Limitations and Controversies
Several limitations must be considered. The study used web-based vignettes rather than real-time clinical encounters, possibly overestimating or underestimating AI impact relative to actual practice. The clinician cohort skewed younger and may not reflect the experience distribution of practicing hospitalists. Additionally, the study focused on diagnostic decisions for three common conditions, and results may not generalize to other diseases or specialties.
There is also ongoing debate about the optimal design and transparency of AI explanations. Some experts argue for more interactive or context-sensitive explanation frameworks, while others suggest that inherent model transparency may never substitute for rigorous clinical oversight.

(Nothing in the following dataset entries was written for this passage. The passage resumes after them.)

lemma Hk_subset_span_phi:
  assumes "1 \<le> n"
  shows "Hk n k \<subseteq> tv.span (phi ` Strings n k)"
proof (rule subspace_subset_span_if_leading_words)
  let ?F = "{w. length w = n \<and> count_list w True = k \<and> (\<exists>r. w = False # r)}"
  show "finite ?F"
    by (rule finite_subset[OF _ finite_lists_length_eq[of UNIV n]]) auto
  show "tv.subspace (Hk n k)" by (rule Hk_subspace)
  show "phi ` Strings n k \<subseteq> Hk n k" using phi_in_Hk by blast
next
  fix v
  assume v: "v \<in> Hk n k" "\<forall>w\<in>{w. length w = n \<and> count_list w True = k \<and> (\<exists>r. w = False # r)}. v w = 0"
  obtain m where n: "n = Suc m" using assms by (cases n) auto
  have weight: "weight_vec n k v" and E: "Eop n v = (\<lambda>w. 0)" using v(1) by (auto simp: Hk_eq)
  have False_words: "v (False # r) = 0" for r
    using weight v(2) unfolding weight_vec_def by blast
  have "v w = 0" for w
  proof (cases w)
    case Nil
    then show ?thesis using weight n unfolding weight_vec_def by auto
  next
    case (Cons x r)
    then show ?thesis
      using False_words Eop_kernel_True_word[of m v] E n by (cases x) auto
  qed
  then show "v = 0" by (simp add: fun_eq_iff)
next
  fix w
  assume w: "w \<in> {w. length w = n \<and> count_list w True = k \<and> (\<exists>r. w = False # r)}"
  then obtain s where s: "wf_string s" "lead_word s = w" using lead_word_surj by blast
  then have "phi s w \<noteq> 0" using phi_lead_word by blast
  then have "s \<in> Strings n k"
    using w s weight_vec_phi[OF s(1)] unfolding weight_vec_def Strings_iff by auto
  then show "\<exists>x\<in>phi ` Strings n k. is_leading_word x w"
    using is_leading_word_phi s by blast
qed

lemma Eop_replicate_True_2:
  "Eop 2 (bvec (replicate 2 True)) = scaleV (inverse qq) (bvec [False, True]) - bvec [True, False]"
proof
  fix w
  show "Eop 2 (bvec (replicate 2 True)) w
      = (scaleV (inverse qq) (bvec [False, True]) - bvec [True, False]) w"
    unfolding numeral_2_eq_2
    by (cases w rule: list.exhaust; cases "tl w" rule: list.exhaust)
      (auto simp: bvec_def scaleV_def power_int_minus1_right)
qed

lemma ei_eq_phi: "1 \<le> i \<Longrightarrow> ei n i = phi [i - 1, 2, n - 1 - i]"
  by (simp add: ei_def Eop_replicate_True_2)

lemma Strings_1_iff: "s \<in> Strings n 1 \<longleftrightarrow> (\<exists>a c. s = [a, 2, c] \<and> a + 2 + c = n)"
proof
  assume "s \<in> Strings n 1"
  then have s: "wf_string s" "string_weight s = 1" "sum_list s = n" by (auto simp: Strings_iff)
  then obtain a b rest where "s = a # b # rest" "b = 2" "string_weight rest = 0" "wf_string rest"
    by (cases s rule: wf_string.cases) auto
  moreover from this obtain c where "rest = [c]"
    by (cases rest rule: wf_string.cases) auto
  ultimately show "\<exists>a c. s = [a, 2, c] \<and> a + 2 + c = n" using s(3) by auto
next
  assume "\<exists>a c. s = [a, 2, c] \<and> a + 2 + c = n"
  then show "s \<in> Strings n 1" by (auto simp: Strings_iff)
qed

Expert Commentary or Guideline Positioning
Dr. Suman Pal, a hospital medicine expert not involved in the study, noted: “It was interesting to note that explanations did not significantly mitigate the decrease in clinician accuracy from systematically biased AI model predictions.” Current professional guidelines from regulatory bodies, including the FDA, emphasize explainability but do not yet specify standards for effectiveness in mitigating bias.
Conclusion
Systemic bias in AI diagnostic models can meaningfully degrade clinician accuracy, and simplistic explanatory frameworks may not suffice to prevent harm. As AI becomes more deeply integrated into hospital care, robust validation, transparency, and clinician education will be essential to maximize benefits while minimizing risks. Further research should focus on developing and testing more effective strategies for identifying and correcting AI-driven bias in clinical workflows.
References
1. Jabbour S, Fouhey D, Shepard S, Valley TS, Kazerooni EA, Banovic N, Wiens J, Sjoding MW. Measuring the Impact of AI in the Diagnosis of Hospitalized Patients: A Randomized Clinical Vignette Survey Study. JAMA. 2023 Dec 19;330(23):2275-2284. doi:10.1001/jama.2023.22295.
2. Topol EJ. High-performance medicine: the convergence of human and artificial intelligence. Nat Med. 2019;25(1):44-56. doi:10.1038/s41591-018-0300-7.
3. U.S. Food & Drug Administration. Artificial Intelligence and Machine Learning in Software as a Medical Device. FDA; 2021.